The instruction set is just a collection of methods that when called know which electrical circuits combination it need to use in order to achieve what was asked. In thises circuits there are few that are similar in both core but some only exist in CPU others in GPU so instruction set cannot be all the same for both. Also each work with different amount of data per call, quantity of simultaneous circuit usage etc.

The closest both core come at would be CUDA. CUDA is the closest to CPU in term of function. Nearly any line of code you can do normally to a CPU can be done with CUDA. It does not require the same code but it can pretty much do the same thing better or worse.

BotDamian · July 12, 2021

Thanks for the comments but I still have questions.

So the part I don't understand is that for example with CPUs you're able to add, subtract, divide, multiply and with GPUs you can only do matrix multiplications?

But why is it only matrix multiplications, is it something similar to ASIC chips? They can do one thing extremely fast but useless for anything else?

I'm asking because the GPUs have so many cores so why can't we run sort algorithms on GPUs and let thousands of cores handle it?

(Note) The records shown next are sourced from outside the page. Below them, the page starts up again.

(* Let $A\in\mathbb{R}^{m\times n}$ be semi-monotone (i.e. $A^{\dagger}\geq 0$), and let $A=M-N=U-V$ be two proper weak regular splittings of $A$. Then $\rho(H)=\rho(U^{\dagger}VM^{\dagger}N)<1$.
   Context: All matrices are real. $X^{\dagger}$ denotes the Moore–Penrose inverse of $X$, and $\rho(\cdot)$ the spectral radius. For a matrix $X$, $X\geq 0$ means that all entries of $X$ are nonnegative and at least one entry is positive; $X\geq Y$ means $X-Y\geq 0$. $R(X)$ and $N(X)$ denote range and null space. A splitting $A=U-V$ is proper if $R(U)=R(A)$ and $N(U)=N(A)$; it is a proper weak regular splitting if it is proper, $U^{\dagger}\geq 0$ and $U^{\dagger}V\geq 0$. $H=U^{\dagger}VM^{\dagger}N$ is the iteration matrix of the alternating scheme $x^{i+1}=U^{\dagger}VM^{\dagger}Nx^{i}+U^{\dagger}(VM^{\dagger}+I)b$. *)

theory Defs
  imports "HOL-Analysis.Analysis"
begin

text \<open>Moore--Penrose inverse, defined by the four Penrose equations (the solution is unique).\<close>
definition mp_inverse :: "real^'n^'m \<Rightarrow> real^'m^'n" where
  "mp_inverse A = (THE X. A ** X ** A = A \<and> X ** A ** X = X \<and>
      transpose (A ** X) = A ** X \<and> transpose (X ** A) = X ** A)"

text \<open>Paper's convention: X \<ge> 0 means all entries nonnegative and at least one positive.\<close>
definition mat_nonneg :: "real^'n^'m \<Rightarrow> bool" where
  "mat_nonneg X \<longleftrightarrow> (\<forall>i j. X $ i $ j \<ge> 0) \<and> (\<exists>i j. X $ i $ j > 0)"

definition mat_range :: "real^'n^'m \<Rightarrow> (real^'m) set" where
  "mat_range A = range (\<lambda>x. A *v x)"

definition mat_null :: "real^'n^'m \<Rightarrow> (real^'n) set" where
  "mat_null A = {x. A *v x = 0}"

definition proper_splitting :: "real^'n^'m \<Rightarrow> real^'n^'m \<Rightarrow> real^'n^'m \<Rightarrow> bool" where
  "proper_splitting A U V \<longleftrightarrow> A = U - V \<and> mat_range U = mat_range A \<and> mat_null U = mat_null A"

definition proper_weak_regular_splitting :: "real^'n^'m \<Rightarrow> real^'n^'m \<Rightarrow> real^'n^'m \<Rightarrow> bool" where
  "proper_weak_regular_splitting A U V \<longleftrightarrow> proper_splitting A U V \<and>
      mat_nonneg (mp_inverse U) \<and> mat_nonneg (mp_inverse U ** V)"

definition semi_monotone :: "real^'n^'m \<Rightarrow> bool" where
  "semi_monotone A \<longleftrightarrow> mat_nonneg (mp_inverse A)"

definition complexify :: "real^'n^'m \<Rightarrow> complex^'n^'m" where
  "complexify B = (\<chi> i j. complex_of_real (B $ i $ j))"

definition spectral_radius :: "real^'n^'n \<Rightarrow> real" where
  "spectral_radius B = Max {cmod l | l. \<exists>v. v \<noteq> 0 \<and> complexify B *v v = l *s v}"

end

theory Submission
  imports Defs "Jordan_Normal_Form.Spectral_Radius"
begin

no_notation Matrix.vec_index (infixl "$" 100)
no_notation Matrix.scalar_prod (infix "\<bullet>" 70)
hide_const (open) Matrix.mat Spectral_Radius.spectral_radius

text \<open>
  Let \<open>P = A\<^sup>\<dagger>A\<close> and \<open>B = U\<^sup>\<dagger>(VM\<^sup>\<dagger> + I)\<close>. Because both splittings are proper,
  \<open>M\<^sup>\<dagger>M = U\<^sup>\<dagger>U = P\<close>, and the Penrose equations give \<open>BA = P - H\<close> and \<open>BAA\<^sup>\<dagger> = B\<close>; hence
  \<open>A\<^sup>\<dagger> = HA\<^sup>\<dagger> + B\<close>, i.e. \<open>A\<^sup>\<dagger>b\<close> is a fixed point of the alternating scheme. The partial sums
  of \<open>\<Sum> H\<^sup>kB\<close> then telescope to \<open>A\<^sup>\<dagger> - H\<^sup>jA\<^sup>\<dagger> \<le> A\<^sup>\<dagger>\<close>, since \<open>H \<ge> 0\<close> and \<open>A\<^sup>\<dagger> \<ge> 0\<close>.
  As \<open>0 \<le> U\<^sup>\<dagger> \<le> B\<close>, the nonnegative series \<open>\<Sum> H\<^sup>kU\<^sup>\<dagger>\<close> has bounded partial sums, so
  \<open>H\<^sup>kU\<^sup>\<dagger> \<rightarrow> 0\<close> and with it \<open>H\<^sup>k\<^sup>+\<^sup>1 = H\<^sup>kU\<^sup>\<dagger>(VM\<^sup>\<dagger>N) \<rightarrow> 0\<close>. Powers tending to zero
  force every eigenvalue of \<open>H\<close> to have modulus below one.
\<close>

lemma matrix_diff_ldistrib: "(A::'a::ring_1^'n^'m) ** (B - C) = A ** B - A ** C"
  by (simp add: matrix_matrix_mult_def Finite_Cartesian_Product.vec_eq_iff sum_subtractf algebra_simps)

lemma matrix_diff_rdistrib: "((A::'a::ring_1^'n^'m) - B) ** C = A ** C - B ** C"
  by (simp add: matrix_matrix_mult_def Finite_Cartesian_Product.vec_eq_iff sum_subtractf algebra_simps)

lemma matrix_add_rdistrib: "((A::'a::ring_1^'n^'m) + B) ** C = A ** C + B ** C"
  by (simp add: matrix_matrix_mult_def Finite_Cartesian_Product.vec_eq_iff sum.distrib algebra_simps)

section \<open>Orthogonal projections\<close>

definition orthogonal_projection :: "'a::euclidean_space set \<Rightarrow> 'a \<Rightarrow> 'a" where
  "orthogonal_projection S x = (SOME p. p \<in> S \<and> x - p \<in> S\<^sup>\<bottom>)"

context
  fixes S :: "'a::euclidean_space set"
  assumes S: "real_vector.subspace S"
begin

lemma orthogonal_projection_in: "orthogonal_projection S x \<in> S"
  and orthogonal_projection_residual: "x - orthogonal_projection S x \<in> S\<^sup>\<bottom>"
proof -
  have "x \<in> S + S\<^sup>\<bottom>" by (simp add: subspace_sum_orthogonal_comp[OF S])
  then obtain p q where "p \<in> S" "q \<in> S\<^sup>\<bottom>" "x = p + q" by (rule set_plus_elim)
  then have "\<exists>p. p \<in> S \<and> x - p \<in> S\<^sup>\<bottom>" by (intro exI[of _ p]) simp
  from someI_ex[OF this] show "orthogonal_projection S x \<in> S" "x - orthogonal_projection S x \<in> S\<^sup>\<bottom>"
    unfolding orthogonal_projection_def by auto
qed

lemma orthogonal_projection_eqI:
  assumes "p \<in> S" "x - p \<in> S\<^sup>\<bottom>"
  shows "orthogonal_projection S x = p"
proof -
  have "orthogonal_projection S x - p \<in> S"
    using S assms(1) orthogonal_projection_in by (simp add: real_vector.subspace_diff)
  moreover have "orthogonal_projection S x - p = (x - p) - (x - orthogonal_projection S x)" by simp
  then have "orthogonal_projection S x - p \<in> S\<^sup>\<bottom>"
    using subspace_orthogonal_comp assms(2) orthogonal_projection_residual
    by (metis real_vector.subspace_diff)
  ultimately have "orthogonal_projection S x - p \<in> S \<inter> S\<^sup>\<bottom>" by blast
  then show ?thesis by (simp add: orthogonal_Int_0[OF S])
qed
lemma closedin_Collect_conj:
  assumes "closedin Z {x \<in> topspace Z. P x}" "closedin Z {x \<in> topspace Z. Q x}"
  shows "closedin Z {x \<in> topspace Z. P x \<and> Q x}"
proof -
  have "{x \<in> topspace Z. P x \<and> Q x} = {x \<in> topspace Z. P x} \<inter> {x \<in> topspace Z. Q x}" by blast
  then show ?thesis using closedin_Int[OF assms] by simp
qed

lemma closedin_Collect_imp:
  assumes "closedin Z {x \<in> topspace Z. \<not> P x}" "closedin Z {x \<in> topspace Z. Q x}"
  shows "closedin Z {x \<in> topspace Z. P x \<longrightarrow> Q x}"
proof -
  have "{x \<in> topspace Z. P x \<longrightarrow> Q x} = {x \<in> topspace Z. \<not> P x} \<union> {x \<in> topspace Z. Q x}" by blast
  then show ?thesis using closedin_Un[OF assms] by simp
qed

lemma closedin_Collect_ball:
  assumes "\<And>i. i \<in> I \<Longrightarrow> closedin Z {x \<in> topspace Z. P i x}"
  shows "closedin Z {x \<in> topspace Z. \<forall>i\<in>I. P i x}"
proof (cases "I = {}")
  case False
  have "{x \<in> topspace Z. \<forall>i\<in>I. P i x} = (\<Inter>i\<in>I. {x \<in> topspace Z. P i x})"
    using False by auto
  moreover have "closedin Z (\<Inter>i\<in>I. {x \<in> topspace Z. P i x})"
    using assms False by (intro closedin_Inter) auto
  ultimately show ?thesis by simp
qed simp

lemma closedin_continuous_map_preimage_not_mem:
  assumes "continuous_map Z Y f" "openin Y U"
  shows "closedin Z {x \<in> topspace Z. f x \<notin> U}"
proof -
  have "{x \<in> topspace Z. f x \<notin> U} = topspace Z - {x \<in> topspace Z. f x \<in> U}" by auto
  then show ?thesis using openin_continuous_map_preimage[OF assms] by (simp add: closedin_diff)
qed

section \<open>Topological groups\<close>

locale top_group = group G for G :: "('a, 'b) monoid_scheme" (structure) +
  fixes T :: "'a topology"
  assumes topological_group: "topological_group G T"
begin

lemma topspace_eq [simp]: "topspace T = carrier G"
  using topological_group by (simp add: topological_group_def)

lemma continuous_map_mult:
  assumes "continuous_map Z T f" "continuous_map Z T g"
  shows "continuous_map Z T (\<lambda>p. f p \<otimes> g p)"
proof -
  have "continuous_map (prod_topology T T) T (\<lambda>(x, y). x \<otimes> y)"
    using topological_group by (simp add: topological_group_def)
  from continuous_map_compose[OF continuous_map_pairedI[OF assms] this]
  show ?thesis by (simp add: o_def)
qed

lemma continuous_map_inv:
  assumes "continuous_map Z T f"
  shows "continuous_map Z T (\<lambda>p. inv (f p))"
proof -
  have "continuous_map T T (\<lambda>x. inv x)"
    using topological_group by (simp add: topological_group_def)
  from continuous_map_compose[OF assms this] show ?thesis by (simp add: o_def)
qed
(* Let $G$ be a connected graph on $X$. For every $k\ge1$ and every set $A\subseteq X$ with finite edge-boundary $\delta A$, the set $N_k(A)$ is finite.
   Context: A graph on $X$ is an irreflexive symmetric relation $G\subseteq X^2$. For $A\subseteq X$, $\delta A$ is the set of edges with one endpoint in $A$ and the other in $A^c:=X\setminus A$. A cut is a set $A$ with $A$, $A^c$ infinite and $\delta A$ finite; a cut is neat if the induced subgraphs on $A$ and $A^c$ are connected; $\mathcal C_k$ is the set of neat cuts $A$ with $|\delta A|=k$. Sets $A,B$ are nested if one of $A\cap B$, $A\cap B^c$, $A^c\cap B$, $A^c\cap B^c$ is empty. $N_k(A)$ is the set of cuts in $\mathcal C_k$ that are not nested with $A$. *)

theory Defs
  imports Main
begin

definition graph_on :: "'a set \<Rightarrow> ('a \<times> 'a) set \<Rightarrow> bool" where
  "graph_on X G \<longleftrightarrow> G \<subseteq> X \<times> X \<and> irrefl G \<and> sym G"

definition induced_connected :: "('a \<times> 'a) set \<Rightarrow> 'a set \<Rightarrow> bool" where
  "induced_connected G S \<longleftrightarrow> (\<forall>x\<in>S. \<forall>y\<in>S. (x, y) \<in> (G \<inter> (S \<times> S))\<^sup>*)"

definition connected_graph :: "'a set \<Rightarrow> ('a \<times> 'a) set \<Rightarrow> bool" where
  "connected_graph X G \<longleftrightarrow> graph_on X G \<and> induced_connected G X"

text \<open>Edge boundary: each edge between A and its complement X - A is represented
  once, as the pair oriented from A to X - A.\<close>
definition boundary :: "'a set \<Rightarrow> ('a \<times> 'a) set \<Rightarrow> 'a set \<Rightarrow> ('a \<times> 'a) set" where
  "boundary X G A = {(x, y) \<in> G. x \<in> A \<and> y \<in> X - A}"

definition is_cut :: "'a set \<Rightarrow> ('a \<times> 'a) set \<Rightarrow> 'a set \<Rightarrow> bool" where
  "is_cut X G A \<longleftrightarrow> A \<subseteq> X \<and> infinite A \<and> infinite (X - A) \<and> finite (boundary X G A)"

definition neat_cut :: "'a set \<Rightarrow> ('a \<times> 'a) set \<Rightarrow> 'a set \<Rightarrow> bool" where
  "neat_cut X G A \<longleftrightarrow> is_cut X G A \<and> induced_connected G A \<and> induced_connected G (X - A)"

definition neat_cuts :: "'a set \<Rightarrow> ('a \<times> 'a) set \<Rightarrow> nat \<Rightarrow> 'a set set" where
  "neat_cuts X G k = {A. neat_cut X G A \<and> card (boundary X G A) = k}"

definition nested :: "'a set \<Rightarrow> 'a set \<Rightarrow> 'a set \<Rightarrow> bool" where
  "nested X A B \<longleftrightarrow> A \<inter> B = {} \<or> A \<inter> (X - B) = {} \<or> (X - A) \<inter> B = {}
     \<or> (X - A) \<inter> (X - B) = {}"

definition N_set :: "'a set \<Rightarrow> ('a \<times> 'a) set \<Rightarrow> nat \<Rightarrow> 'a set \<Rightarrow> 'a set set" where
  "N_set X G k A = {B \<in> neat_cuts X G k. \<not> nested X A B}"

end

theory Submission
  imports Defs
begin

text \<open>Every neat cut B that is not nested with A contains an edge of \<open>\<delta>A\<close> in the
  induced subgraph on B, and another one in the induced subgraph on \<open>X - B\<close>.
  Since \<open>\<delta>A\<close> is finite, a single finite set S of edges of G connects all tails of
  \<open>\<delta>A\<close>, so B separates the two endpoints of some edge of S. It therefore suffices
  to show that for a fixed edge (u, v) only finitely many sets B with connected
  sides and \<open>|\<delta>B| = k\<close> separate u from v. This goes by induction on k: delete
  (u, v). If u and v stay connected, B separates some edge of a finite u-v path in
  the smaller graph, where its boundary has k - 1 edges. If not, B is forced to be
  the component of u in the smaller graph.\<close>

lemma rtrancl_finite_subrel:
  "(a, b) \<in> R\<^sup>* \<Longrightarrow> \<exists>S. finite S \<and> S \<subseteq> R \<and> (a, b) \<in> S\<^sup>*"
proof (induction rule: rtrancl_induct)
  case base
  then show ?case by blast
next
  case (step y z)
  then obtain S where S: "finite S" "S \<subseteq> R" "(a, y) \<in> S\<^sup>*" by blast
  have "(a, y) \<in> (insert (y, z) S)\<^sup>*" using S(3) rtrancl_mono[of S "insert (y, z) S"] by blast
  then have "(a, z) \<in> (insert (y, z) S)\<^sup>*" by (rule rtrancl_into_rtrancl) simp
  then show ?case using S step by blast
qed

lemma rtrancl_exits_set:
  "(a, b) \<in> S\<^sup>* \<Longrightarrow> a \<in> B \<Longrightarrow> b \<notin> B \<Longrightarrow> \<exists>x y. (x, y) \<in> S \<and> x \<in> B \<and> y \<notin> B"
  by (induction rule: rtrancl_induct) blast+

lemma rtrancl_closed_in:
  "(a, b) \<in> G\<^sup>* \<Longrightarrow> G \<subseteq> X \<times> X \<Longrightarrow> a \<in> X \<Longrightarrow> b \<in> X"
  by (induction rule: rtrancl_induct) auto

lemma finite_subrel_connecting:
  assumes "induced_connected G X" and "F \<subseteq> X" and "finite F"
  shows "\<exists>S. finite S \<and> S \<subseteq> G \<and> (\<forall>x\<in>F. \<forall>y\<in>F. (x, y) \<in> S\<^sup>*)"
proof -
  have "\<forall>p\<in>F \<times> F. \<exists>S. finite S \<and> S \<subseteq> G \<and> p \<in> S\<^sup>*"
  proof
    fix p assume "p \<in> F \<times> F"
    then have "p \<in> (G \<inter> (X \<times> X))\<^sup>*"
      using assms(1,2) unfolding induced_connected_def by auto
    then have "p \<in> G\<^sup>*" using rtrancl_mono[of "G \<inter> (X \<times> X)" G] by blast
    then show "\<exists>S. finite S \<and> S \<subseteq> G \<and> p \<in> S\<^sup>*"
      using rtrancl_finite_subrel[of "fst p" "snd p"] by simp
  qed
  then obtain S where S: "\<forall>p\<in>F \<times> F. finite (S p) \<and> S p \<subseteq> G \<and> p \<in> (S p)\<^sup>*"
    by (metis bchoice)
  have "(x, y) \<in> (\<Union>(S ` (F \<times> F)))\<^sup>*" if "x \<in> F" "y \<in> F" for x y
    using S that rtrancl_mono[of "S (x, y)" "\<Union>(S ` (F \<times> F))"] by blast
  moreover have "finite (\<Union>(S ` (F \<times> F)))" using S assms(3) by auto
  ultimately show ?thesis using S by blast
qed

text \<open>G need not be symmetric here: in the induction the edge (u, v) is deleted
  without its reverse.\<close>
definition connected_separations ::
    "'a set \<Rightarrow> ('a \<times> 'a) set \<Rightarrow> 'a \<Rightarrow> 'a \<Rightarrow> nat \<Rightarrow> 'a set set" where
  "connected_separations X G u v k = {B. B \<subseteq> X \<and> u \<in> B \<and> v \<notin> B \<and>
     induced_connected G B \<and> induced_connected G (X - B) \<and>
     finite (boundary X G B) \<and> card (boundary X G B) = k}"

lemma connected_separations_0:
  "(u, v) \<in> G \<Longrightarrow> G \<subseteq> X \<times> X \<Longrightarrow> connected_separations X G u v 0 = {}"
  unfolding connected_separations_def boundary_def by fastforce

lemma induced_connected_delete_outer_edge:
  assumes "(u, v) \<notin> B \<times> B"
  shows "induced_connected (G - {(u, v)}) B = induced_connected G B"
proof -
  have "(G - {(u, v)}) \<inter> (B \<times> B) = G \<inter> (B \<times> B)" using assms by auto
  then show ?thesis unfolding induced_connected_def by simp
qed

lemma connected_separations_delete_edge:
  assumes B: "B \<in> connected_separations X G u v (Suc m)"
    and "(u, v) \<in> G" and "G \<subseteq> X \<times> X"
    and xy: "x \<in> B" "y \<notin> B"
  shows "B \<in> connected_separations X (G - {(u, v)}) x y m"
proof -
  have uv: "u \<in> B" "v \<notin> B" "v \<in> X" using B assms(3,2)
    unfolding connected_separations_def by auto
  have "(u, v) \<in> boundary X G B" using uv assms(2) unfolding boundary_def by auto
  moreover have "boundary X (G - {(u, v)}) B = boundary X G B - {(u, v)}"
    unfolding boundary_def by auto
  ultimately show ?thesis
    using B xy uv induced_connected_delete_outer_edge[of u v B G]
      induced_connected_delete_outer_edge[of u v "X - B" G]
    unfolding connected_separations_def by auto
qed

lemma connected_separation_eq_component:
  assumes B: "B \<in> connected_separations X G u v k"
    and "(u, v) \<in> G" and "G \<subseteq> X \<times> X"
    and disconnected: "(u, v) \<notin> (G - {(u, v)})\<^sup>*"
  shows "B = {x. (u, x) \<in> (G - {(u, v)})\<^sup>*}"
proof -
  let ?G' = "G - {(u, v)}"
  have uv: "u \<in> B" "v \<notin> B" "u \<in> X" "v \<in> X" and BX: "B \<subseteq> X"
    and conn: "induced_connected G B" "induced_connected G (X - B)"
    using B assms(2,3) unfolding connected_separations_def by auto
  have inside: "G \<inter> (B \<times> B) \<subseteq> ?G'" "G \<inter> ((X - B) \<times> (X - B)) \<subseteq> ?G'"
    using uv by auto
  show ?thesis
  proof (intro equalityI subsetI CollectI)
    fix x assume "x \<in> B"
    then have "(u, x) \<in> (G \<inter> (B \<times> B))\<^sup>*"
      using conn(1) uv unfolding induced_connected_def by auto
    then show "(u, x) \<in> ?G'\<^sup>*" using inside(1) rtrancl_mono by blast
  next
    fix x assume ux: "x \<in> {x. (u, x) \<in> ?G'\<^sup>*}"
    show "x \<in> B"
    proof (rule ccontr)
      assume "x \<notin> B"
      moreover have "x \<in> X" using ux rtrancl_closed_in[of u x ?G' X] assms(3) uv by auto
      ultimately have "(x, v) \<in> (G \<inter> ((X - B) \<times> (X - B)))\<^sup>*"
        using conn(2) uv unfolding induced_connected_def by auto
      then have "(x, v) \<in> ?G'\<^sup>*" using inside(2) rtrancl_mono by blast
      with ux disconnected show False by (meson CollectD rtrancl_trans)
    qed
  qed
qed

lemma finite_connected_separations:
  "G \<subseteq> X \<times> X \<Longrightarrow> (u, v) \<in> G \<Longrightarrow> finite (connected_separations X G u v k)"
proof (induction k arbitrary: G u v)
  case 0
  then show ?case by (simp add: connected_separations_0)
next
  case (Suc m)
  let ?G' = "G - {(u, v)}"
  show ?case
  proof (cases "(u, v) \<in> ?G'\<^sup>*")
    case True
    then obtain S where S: "finite S" "S \<subseteq> ?G'" "(u, v) \<in> S\<^sup>*"
      using rtrancl_finite_subrel[OF True] by blast
    have "connected_separations X G u v (Suc m)
          \<subseteq> (\<Union>(x, y)\<in>S. connected_separations X ?G' x y m)"
    proof
      fix B assume B: "B \<in> connected_separations X G u v (Suc m)"
      then have "u \<in> B" "v \<notin> B" unfolding connected_separations_def by auto
      then obtain x y where "(x, y) \<in> S" "x \<in> B" "y \<notin> B"
        using rtrancl_exits_set[OF S(3)] by blast
      then show "B \<in> (\<Union>(x, y)\<in>S. connected_separations X ?G' x y m)"
        using connected_separations_delete_edge[OF B Suc.prems(2,1)] by fast
    qed
    moreover have "finite (\<Union>(x, y)\<in>S. connected_separations X ?G' x y m)"
    proof (intro finite_UN_I S(1))
      fix e assume "e \<in> S"
      then show "finite (case e of (x, y) \<Rightarrow> connected_separations X ?G' x y m)"
        using S(2) Suc.prems(1) Suc.IH[of ?G' "fst e" "snd e"] by (cases e) auto
    qed
    ultimately show ?thesis by (rule finite_subset)
  next
    case False
    then have "connected_separations X G u v (Suc m) \<subseteq> {{x. (u, x) \<in> ?G'\<^sup>*}}"
      using connected_separation_eq_component[OF _ Suc.prems(2,1)] by (intro subsetI) simp
    then show ?thesis by (rule finite_subset) simp
  qed
qed

lemma crossing_set_contains_boundary_tail:
  assumes "induced_connected G C" and "G \<subseteq> X \<times> X"
    and "a \<in> A \<inter> C" and "b \<in> C - A"
  shows "\<exists>x\<in>C. x \<in> fst ` boundary X G A"
proof -
  have "(a, b) \<in> (G \<inter> (C \<times> C))\<^sup>*"
    using assms(1,3,4) unfolding induced_connected_def by auto
  then obtain x y where "(x, y) \<in> G \<inter> (C \<times> C)" "x \<in> A" "y \<notin> A"
    using rtrancl_exits_set[of a b "G \<inter> (C \<times> C)" A] assms(3,4) by blast
  then have "(x, y) \<in> boundary X G A" "x \<in> C" using assms(2) unfolding boundary_def by auto
  then show ?thesis by force
qed

theorem mainTheorem17:
  fixes X :: "'a set" and G :: "('a \<times> 'a) set" and A :: "'a set" and k :: nat
  assumes "connected_graph X G"
    and "k \<ge> 1"
    and "A \<subseteq> X"
    and "finite (boundary X G A)"
  shows "finite (N_set X G k A)"
proof -
  let ?F = "fst ` boundary X G A"
  have GX: "G \<subseteq> X \<times> X" and conn_X: "induced_connected G X"
    using assms(1) unfolding connected_graph_def graph_on_def by auto
  have F_X: "?F \<subseteq> X" using assms(3) unfolding boundary_def by force
  obtain S where S: "finite S" "S \<subseteq> G" "\<forall>x\<in>?F. \<forall>y\<in>?F. (x, y) \<in> S\<^sup>*"
    using finite_subrel_connecting[OF conn_X F_X finite_imageI[OF assms(4)]] by blast
  have "N_set X G k A \<subseteq> (\<Union>(p, q)\<in>S. connected_separations X G p q k)"
  proof
    fix B assume "B \<in> N_set X G k A"
    then have B: "neat_cut X G B" "card (boundary X G B) = k" "\<not> nested X A B"
      unfolding N_set_def neat_cuts_def by auto
    have "finite (boundary X G B)" using B(2) assms(2) by (intro card_ge_0_finite) simp
    then have sep: "B \<in> connected_separations X G p q k" if "p \<in> B" "q \<notin> B" for p q
      using B that unfolding neat_cut_def is_cut_def connected_separations_def by auto
    have conn: "induced_connected G B" "induced_connected G (X - B)"
      using B(1) unfolding neat_cut_def by auto
    obtain a b a' b' where "a \<in> A \<inter> B" "b \<in> B - A" "a' \<in> A \<inter> (X - B)" "b' \<in> (X - B) - A"
      using B(3) unfolding nested_def by blast
    then obtain x x' where "x \<in> B" "x \<in> ?F" "x' \<in> X - B" "x' \<in> ?F"
      using crossing_set_contains_boundary_tail[OF conn(1) GX]
        crossing_set_contains_boundary_tail[OF conn(2) GX] by meson
    then obtain p q where "(p, q) \<in> S" "p \<in> B" "q \<notin> B"
      using S(3) rtrancl_exits_set[of x x' S B] by blast
    with sep show "B \<in> (\<Union>(p, q)\<in>S. connected_separations X G p q k)" by blast
  qed
  moreover have "finite (\<Union>(p, q)\<in>S. connected_separations X G p q k)"
    using S(1,2) GX by (auto intro!: finite_connected_separations)
  ultimately show ?thesis by (rule finite_subset)
qed

end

It seems pretty easy to me, it's just a check "is higher or lower than".

Kilrah · July 12, 2021

1 hour ago, BotDamian said:

is it something similar to ASIC chips? They can do one thing extremely fast but useless for anything else?

Yep basically.

The reason there can be thousands of cores is that they're small ones that are designed to be good at a small set of specific things.

BotDamian · July 13, 2021

4 hours ago, Kilrah said:

Yep basically.

The reason there can be thousands of cores is that they're small ones that are designed to be good at a small set of specific things.

But what calculations can I do on a GPU exactly?

Bombastinator · July 13, 2021

27 minutes ago, BotDamian said:

But what calculations can I do on a GPU exactly?

I suspect that would depend heavily on the gpu. My memory from long ago is that all a 3d gpu does is make triangles. Lots and lots and lots of triangles. Very very fast. It’s likely changed a good bit.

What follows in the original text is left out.